Example query using ZenDB QueryBuilder:
let #ok(results) = users.search(
ZenDB.QueryBuilder()
.Where("age", #gt(#Nat(18))) // Range filter
.And("status", #eq(#Text("active"))) // Equality filter
.SortBy("created_at", #Descending) // Sort operation
);Optimal index for this query:
let #ok(_) = users.createIndex(
"status_date_age_idx",
[
("status", #Ascending), // High selectivity field first
("created_at", #Descending), // Sort field for efficient ordering
("age", #Ascending) // Range field with lower selectivity
]
);The search() method returns a Result<SearchResult<Record>, Text> where SearchResult contains:
documents: An array of tuples[(DocumentId, Document)]- the document ID and the document itselfinstructions: The number of instructions used to execute the query
let #ok(search_result) = users.search(query);
let documents = search_result.documents;
let instructions_used = search_result.instructions;This allows you to monitor query performance and access both the results and execution metrics.
-
Limited array support - Can store arrays in collections, but cannot create indexes on array fields or perform operations on specific array elements. In addition, indexes cannot be created on fields nested within an
#Array. -
No support for text-based full-text search or pattern matching within indexes
-
Complex queries with many OR conditions may have suboptimal performance
-
The query planner may not always select the optimal index for complex queries. It is recommended to analyze query performance and adjust indexes accordingly.
-
Schema updates and migrations not yet supported. As a result, changing the schema of an existing collection requires creating a new collection and migrating the data manually.
-
Using Limit/Skip Pagination can be inefficient and may hit the instruction limits if the result set is too large.
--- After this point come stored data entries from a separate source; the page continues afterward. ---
(* Let $X$ be a set, $U\subset 2^X$ a non-empty family closed under $\Delta$ and $\cap$, and $\mu:U\to B_2$ a function. (a) If $\mu$ is a measure, then for every ascending sequence $A_0\subset A_1\subset A_2\subset\cdots$ of sets in $U$ such that $A=\bigcup_n A_n\in U$, the binary sequence $(\mu(A_n))_n$ is convergent and $\mu(A)=\lim_{n\to\infty}\mu(A_n)$. (b) Suppose $\mu$ is additive and has the property: for every ascending sequence $(A_n)$ of sets in $U$ whose union $A$ belongs to $U$, the binary sequence $(\mu(A_n))_n$ is convergent and $\mu(A)=\lim_{n\to\infty}\mu(A_n)$. Then $\mu$ is a measure.
   Context: $B_2=\{0,1\}$ with $\oplus$ addition modulo 2. $\mu$ is additive if $\mu(A\Delta B)=\mu(A)\oplus\mu(B)$ for all $A,B\in U$ (equivalently $\mu(A\cup B)=\mu(A)\oplus\mu(B)$ whenever $A\cap B=\emptyset$). $\mu$ is a measure (countably additive) if for every sequence $(A_n)$ of pairwise disjoint sets of $U$ with $\bigcup_nA_n\in U$, the set $\{n:\mu(A_n)=1\}$ is finite and $\mu(\bigcup_nA_n)$ equals the number of such $n$ modulo 2. A binary sequence $(x_n)$ converges to $x_0\in B_2$ if there is $N$ with $x_n=x_0$ for all $n\ge N$; the limit is then $x_0$. *)

theory Defs
  imports Main
begin

text \<open>The two-element group B_2 = {0,1} with addition mod 2 is modelled by bool:
  0 = False, 1 = True, and x \<oplus> y is (x \<noteq> y).\<close>

definition symdiff :: "'a set \<Rightarrow> 'a set \<Rightarrow> 'a set" where
  "symdiff A B = (A - B) \<union> (B - A)"

definition b2_additive :: "'a set set \<Rightarrow> ('a set \<Rightarrow> bool) \<Rightarrow> bool" where
  "b2_additive U \<mu> \<longleftrightarrow> (\<forall>A\<in>U. \<forall>B\<in>U. \<mu> (symdiff A B) = (\<mu> A \<noteq> \<mu> B))"

text \<open>Countable additivity: for pairwise disjoint sets in U whose union is in U,
  only finitely many have measure 1, and the measure of the union is their number mod 2.\<close>
definition b2_measure :: "'a set set \<Rightarrow> ('a set \<Rightarrow> bool) \<Rightarrow> bool" where
  "b2_measure U \<mu> \<longleftrightarrow>
     (\<forall>A :: nat \<Rightarrow> 'a set. (\<forall>n. A n \<in> U) \<and> (\<forall>m n. m \<noteq> n \<longrightarrow> A m \<inter> A n = {}) \<and> (\<Union>n. A n) \<in> U \<longrightarrow>
        finite {n. \<mu> (A n)} \<and> \<mu> (\<Union>n. A n) = odd (card {n. \<mu> (A n)}))"

definition b2_converges_to :: "(nat \<Rightarrow> bool) \<Rightarrow> bool \<Rightarrow> bool" where
  "b2_converges_to x x0 \<longleftrightarrow> (\<exists>N. \<forall>n\<ge>N. x n = x0)"

definition b2_convergent :: "(nat \<Rightarrow> bool) \<Rightarrow> bool" where
  "b2_convergent x \<longleftrightarrow> (\<exists>x0. b2_converges_to x x0)"

definition b2_lim :: "(nat \<Rightarrow> bool) \<Rightarrow> bool" where
  "b2_lim x = (THE x0. b2_converges_to x x0)"

definition b2_asc_continuous :: "'a set set \<Rightarrow> ('a set \<Rightarrow> bool) \<Rightarrow> bool" where
  "b2_asc_continuous U \<mu> \<longleftrightarrow>
     (\<forall>A :: nat \<Rightarrow> 'a set. (\<forall>n. A n \<in> U) \<and> (\<forall>n. A n \<subseteq> A (Suc n)) \<and> (\<Union>n. A n) \<in> U \<longrightarrow>
        b2_convergent (\<lambda>n. \<mu> (A n)) \<and> \<mu> (\<Union>n. A n) = b2_lim (\<lambda>n. \<mu> (A n)))"

end

theory Submission
  imports Defs "HOL-Library.Disjoint_Sets"
begin

text \<open>Both directions rest on the same observation: a sequence of sets in \<open>U\<close> can be traded
  for its sequence of disjoint pieces (differences of an ascending chain) or of partial unions
  (of a disjoint sequence), and in both cases the measures of the chain are the partial sums in
  \<open>B\<^sub>2\<close> of the measures of the pieces. A sequence of partial sums in \<open>B\<^sub>2\<close> converges exactly
  when only finitely many terms are \<open>1\<close>, and its limit is then their number mod 2.\<close>

definition b2_partial_sum :: "(nat \<Rightarrow> bool) \<Rightarrow> nat \<Rightarrow> bool" where
  "b2_partial_sum x n = odd (card {k. k \<le> n \<and> x k})"

lemma b2_partial_sum_0 [simp]: "b2_partial_sum x 0 = x 0"
proof -
  have "{k. k \<le> (0::nat) \<and> x k} = (if x 0 then {0} else {})" by auto
  then show ?thesis by (simp add: b2_partial_sum_def)
qed

lemma b2_partial_sum_Suc [simp]:
  "b2_partial_sum x (Suc n) = (b2_partial_sum x n \<noteq> x (Suc n))"
proof -
  have "{k. k \<le> Suc n \<and> x k} = {k. k \<le> n \<and> x k} \<union> (if x (Suc n) then {Suc n} else {})"
    by (auto simp: le_Suc_eq)
  then show ?thesis by (simp add: b2_partial_sum_def)
qed

lemma b2_converges_to_unique:
  assumes "b2_converges_to x a" and "b2_converges_to x b"
  shows "a = b"
proof -
  obtain M N where "\<forall>n\<ge>M. x n = a" and "\<forall>n\<ge>N. x n = b"
    using assms unfolding b2_converges_to_def by blast
  then show ?thesis by (metis max.cobounded1 max.cobounded2)
qed

lemma b2_lim_eqI:
  assumes "b2_converges_to x a"
  shows "b2_convergent x \<and> b2_lim x = a"
proof -
  have "b2_lim x = a"
    unfolding b2_lim_def
    by (rule the_equality[where P = "b2_converges_to x", OF assms])
      (rule b2_converges_to_unique[OF _ assms])
  then show ?thesis using assms unfolding b2_convergent_def by blast
qed

lemma b2_converges_to_partial_sum_iff:
  "b2_converges_to (b2_partial_sum x) L \<longleftrightarrow> finite {k. x k} \<and> L = odd (card {k. x k})"
proof
  assume "b2_converges_to (b2_partial_sum x) L"
  then obtain N where N: "\<And>n. n \<ge> N \<Longrightarrow> b2_partial_sum x n = L"
    unfolding b2_converges_to_def by blast
  have bounded: "{k. x k} \<subseteq> {..N}"
  proof (rule subsetI, rule ccontr)
    fix k assume "k \<in> {k. x k}" and "k \<notin> {..N}"
    then obtain m where "x (Suc m)" and "N \<le> m" by (cases k) auto
    moreover have "b2_partial_sum x (Suc m) = b2_partial_sum x m"
      using N[of m] N[of "Suc m"] \<open>N \<le> m\<close> by simp
    ultimately show False by simp
  qed
  then have "{k. k \<le> N \<and> x k} = {k. x k}" by blast
  moreover have "finite {k. x k}" using bounded by (rule finite_subset) simp
  ultimately show "finite {k. x k} \<and> L = odd (card {k. x k})"
    using N[of N] by (simp add: b2_partial_sum_def)
next
  assume "finite {k. x k} \<and> L = odd (card {k. x k})"
  then obtain N where "\<forall>k\<in>{k. x k}. k \<le> N" and L: "L = odd (card {k. x k})"
    using finite_nat_set_iff_bounded_le by blast
  have "b2_partial_sum x n = L" if "n \<ge> N" for n
  proof -
    have "{k. k \<le> n \<and> x k} = {k. x k}" using \<open>\<forall>k\<in>{k. x k}. k \<le> N\<close> that by auto
    then show ?thesis by (simp add: b2_partial_sum_def L)
  qed
  then show "b2_converges_to (b2_partial_sum x) L"
    unfolding b2_converges_to_def by blast
qed

lemma symdiff_self [simp]: "symdiff A A = {}"
  by (simp add: symdiff_def)

lemma symdiff_disjoint: "A \<inter> B = {} \<Longrightarrow> symdiff A B = A \<union> B"
  by (auto simp: symdiff_def)

lemma symdiff_subset: "B \<subseteq> A \<Longrightarrow> symdiff A B = A - B"
  by (auto simp: symdiff_def)

lemma b2_measureD:
  fixes A :: "nat \<Rightarrow> 'a set"
  assumes "b2_measure U \<mu>"
    and "\<And>n. A n \<in> U" and "disjoint_family A" and "(\<Union>n. A n) \<in> U"
  shows "finite {n. \<mu> (A n)} \<and> \<mu> (\<Union>n. A n) = odd (card {n. \<mu> (A n)})"
  using assms unfolding b2_measure_def disjoint_family_on_def by blast

lemma b2_asc_continuousD:
  fixes A :: "nat \<Rightarrow> 'a set"
  assumes "b2_asc_continuous U \<mu>"
    and "\<And>n. A n \<in> U" and "mono A" and "(\<Union>n. A n) \<in> U"
  shows "b2_convergent (\<lambda>n. \<mu> (A n)) \<and> \<mu> (\<Union>n. A n) = b2_lim (\<lambda>n. \<mu> (A n))"
  using assms unfolding b2_asc_continuous_def mono_iff_le_Suc by blast

lemma b2_measure_empty:
  assumes "b2_measure U \<mu>" and "{} \<in> U"
  shows "\<not> \<mu> {}"
  using b2_measureD[OF assms(1), of "\<lambda>_. {}"] assms(2)
  by (cases "\<mu> {}") (simp_all add: disjoint_family_on_def infinite_UNIV_nat)

lemma b2_measure_finite_union:
  assumes "b2_measure U \<mu>" and "{} \<in> U"
    and "\<And>k. A k \<in> U" and "disjoint_family A" and "(\<Union>k\<le>n. A k) \<in> U"
  shows "\<mu> (\<Union>k\<le>n. A k) = b2_partial_sum (\<lambda>k. \<mu> (A k)) n"
proof -
  define E where "E k = (if k \<le> n then A k else {})" for k
  have "(\<Union>k. E k) = (\<Union>k\<le>n. A k)" by (auto simp: E_def split: if_splits)
  moreover have "{k. \<mu> (E k)} = {k. k \<le> n \<and> \<mu> (A k)}"
    using b2_measure_empty[OF assms(1,2)] by (auto simp: E_def)
  moreover have "E k \<in> U" for k
    using assms(2,3) by (simp add: E_def)
  moreover have "disjoint_family E"
    using assms(4) by (simp add: E_def disjoint_family_on_def)
  ultimately show ?thesis
    using b2_measureD[OF assms(1), of E] assms(5) by (simp add: b2_partial_sum_def)
qed

lemma UN_atMost_Suc_eq_symdiff:
  assumes "disjoint_family A"
  shows "(\<Union>k\<le>Suc n. A k) = symdiff (\<Union>k\<le>n. A k) (A (Suc n))"
proof -
  have "A k \<inter> A (Suc n) = {}" if "k \<le> n" for k
    using assms that by (simp add: disjoint_family_onD)
  then have "(\<Union>k\<le>n. A k) \<inter> A (Suc n) = {}" by blast
  then show ?thesis by (simp add: atMost_Suc symdiff_disjoint Un_commute)
qed

lemma disjoint_UN_atMost_in:
  fixes A :: "nat \<Rightarrow> 'a set"
  assumes "\<And>A B. A \<in> U \<Longrightarrow> B \<in> U \<Longrightarrow> symdiff A B \<in> U"
    and "\<And>k. A k \<in> U" and "disjoint_family A"
  shows "(\<Union>k\<le>n. A k) \<in> U"
proof (induction n)
  case (Suc n)
  then show ?case by (simp add: assms(1,2) UN_atMost_Suc_eq_symdiff[OF assms(3)])
qed (simp add: assms(2))

lemma b2_additive_finite_union:
  assumes "\<And>A B. A \<in> U \<Longrightarrow> B \<in> U \<Longrightarrow> symdiff A B \<in> U" and "b2_additive U \<mu>"
    and "\<And>k. A k \<in> U" and "disjoint_family A"
  shows "\<mu> (\<Union>k\<le>n. A k) = b2_partial_sum (\<lambda>k. \<mu> (A k)) n"
proof (induction n)
  case (Suc n)
  have "(\<Union>k\<le>n. A k) \<in> U" using assms(1,3,4) by (rule disjoint_UN_atMost_in)
  then have "\<mu> (symdiff (\<Union>k\<le>n. A k) (A (Suc n))) = (\<mu> (\<Union>k\<le>n. A k) \<noteq> \<mu> (A (Suc n)))"
    using assms(2,3) unfolding b2_additive_def by blast
  then show ?case using Suc by (simp add: UN_atMost_Suc_eq_symdiff[OF assms(4)])
qed simp

lemma b2_measure_imp_asc_continuous:
  assumes symdiff_closed: "\<And>A B. A \<in> U \<Longrightarrow> B \<in> U \<Longrightarrow> symdiff A B \<in> U"
    and "{} \<in> U" and "b2_measure U \<mu>"
  shows "b2_asc_continuous U \<mu>"
  unfolding b2_asc_continuous_def
proof (intro allI impI)
  fix A :: "nat \<Rightarrow> 'a set"
  assume "(\<forall>n. A n \<in> U) \<and> (\<forall>n. A n \<subseteq> A (Suc n)) \<and> (\<Union>n. A n) \<in> U"
  then have A: "\<And>n. A n \<in> U" and "mono A" and UA: "(\<Union>n. A n) \<in> U"
    unfolding mono_iff_le_Suc by simp_all
  define D where "D = disjointed A"
  have D: "D n \<in> U" for n
  proof (cases n)
    case (Suc m)
    have "A m \<subseteq> A (Suc m)" using \<open>mono A\<close> by (simp add: mono_iff_le_Suc)
    then have "D n = symdiff (A (Suc m)) (A m)"
      using \<open>mono A\<close> Suc by (simp add: D_def disjointed_mono symdiff_subset)
    then show ?thesis using symdiff_closed[OF A A] by simp
  qed (simp add: D_def A)
  have "disjoint_family D" by (simp add: D_def disjoint_family_disjointed)
  have "(\<Union>k\<le>n. D k) = A n" for n
    using finite_UN_disjointed_eq[of A "Suc n"] mono_imp_UN_eq_last[OF \<open>mono A\<close>]
    by (simp add: D_def atLeast0LessThan lessThan_Suc_atMost)
  then have partial_sums: "(\<lambda>n. \<mu> (A n)) = b2_partial_sum (\<lambda>k. \<mu> (D k))"
    using b2_measure_finite_union[OF assms(3,2) D \<open>disjoint_family D\<close>] A by (simp add: fun_eq_iff)
  have "(\<Union>n. D n) = (\<Union>n. A n)" by (simp add: D_def UN_disjointed_eq)
  then have "finite {k. \<mu> (D k)} \<and> \<mu> (\<Union>n. A n) = odd (card {k. \<mu> (D k)})"
    using b2_measureD[OF assms(3) D \<open>disjoint_family D\<close>] UA by simp
  then have "b2_converges_to (\<lambda>n. \<mu> (A n)) (\<mu> (\<Union>n. A n))"
    unfolding partial_sums by (simp add: b2_converges_to_partial_sum_iff)
  then show "b2_convergent (\<lambda>n. \<mu> (A n)) \<and> \<mu> (\<Union>n. A n) = b2_lim (\<lambda>n. \<mu> (A n))"
    by (simp add: b2_lim_eqI)
qed

lemma b2_additive_asc_continuous_imp_measure:
  assumes symdiff_closed: "\<And>A B. A \<in> U \<Longrightarrow> B \<in> U \<Longrightarrow> symdiff A B \<in> U"
    and "b2_additive U \<mu>" and "b2_asc_continuous U \<mu>"
  shows "b2_measure U \<mu>"
  unfolding b2_measure_def
proof (intro allI impI)
  fix A :: "nat \<Rightarrow> 'a set"
  assume "(\<forall>n. A n \<in> U) \<and> (\<forall>m n. m \<noteq> n \<longrightarrow> A m \<inter> A n = {}) \<and> (\<Union>n. A n) \<in> U"
  then have A: "\<And>n. A n \<in> U" and "disjoint_family A" and UA: "(\<Union>n. A n) \<in> U"
    by (auto simp: disjoint_family_on_def)
  define S where "S n = (\<Union>k\<le>n. A k)" for n
  have S: "S n \<in> U" for n
    unfolding S_def using symdiff_closed A \<open>disjoint_family A\<close> by (rule disjoint_UN_atMost_in)
  have "mono S" unfolding S_def by (intro monoI UN_mono) auto
  have "(\<Union>n. S n) = (\<Union>n. A n)" by (auto simp: S_def)
  then have "b2_convergent (\<lambda>n. \<mu> (S n)) \<and> \<mu> (\<Union>n. A n) = b2_lim (\<lambda>n. \<mu> (S n))"
    using b2_asc_continuousD[OF assms(3) S \<open>mono S\<close>] UA by simp
  then obtain L where L: "b2_converges_to (\<lambda>n. \<mu> (S n)) L" and "\<mu> (\<Union>n. A n) = L"
    unfolding b2_convergent_def using b2_lim_eqI by blast
  moreover have "(\<lambda>n. \<mu> (S n)) = b2_partial_sum (\<lambda>k. \<mu> (A k))"
    using b2_additive_finite_union[OF symdiff_closed assms(2) A \<open>disjoint_family A\<close>]
    by (simp add: S_def fun_eq_iff)
  ultimately show "finite {n. \<mu> (A n)} \<and> \<mu> (\<Union>n. A n) = odd (card {n. \<mu> (A n)})"
    by (simp add: b2_converges_to_partial_sum_iff)
qed

theorem theorem4p2:
  fixes X :: "'a set" and U :: "'a set set" and \<mu> :: "'a set \<Rightarrow> bool"
  assumes "U \<subseteq> Pow X" and "U \<noteq> {}"
    and "\<And>A B. A \<in> U \<Longrightarrow> B \<in> U \<Longrightarrow> symdiff A B \<in> U"
    and "\<And>A B. A \<in> U \<Longrightarrow> B \<in> U \<Longrightarrow> A \<inter> B \<in> U"
  shows "(b2_measure U \<mu> \<longrightarrow> b2_asc_continuous U \<mu>)
       \<and> (b2_additive U \<mu> \<and> b2_asc_continuous U \<mu> \<longrightarrow> b2_measure U \<mu>)"
proof -
  obtain B where "B \<in> U" using assms(2) by blast
  then have "{} \<in> U" using assms(3)[of B B] by simp
  then show ?thesis
    using b2_measure_imp_asc_continuous b2_additive_asc_continuous_imp_measure assms(3) by blast
qed

end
It is recommended to create indexes that fully cover your queries where possible, to avoid this limitation.
- Multi-field compound indexes
- Powerful query language with logical operators
- Schema validation and Schema constraints
- Fully support Array fields and operations on them
- Multi-key array indexes - for indexing fields within arrays
- Backward compatible schema upgrades and versioning
- Aggregation functions (min, max, sum, avg, etc.)
- Support for migrations
- Full Text search capabilities by implementing an inverted text index
- Data Certification of all documents, using the ic-certification motoko library
- Dedicated database canister for use by clients in other languages (e.g. JavaScript, Rust)
- Database management tools to handle collection creation, index management, and data migrations
- Periodic backups to external canisters
- Database canister monitoring and analytics tools
Contributions are welcome! Please feel free to create an issue to report a bug or submit a Pull Request. For features, please create an issue first to discuss supporting it in this project.
This project is licensed under the GNU Affero General Public License v3.0 (AGPL-3.0) - see the LICENSE file for details.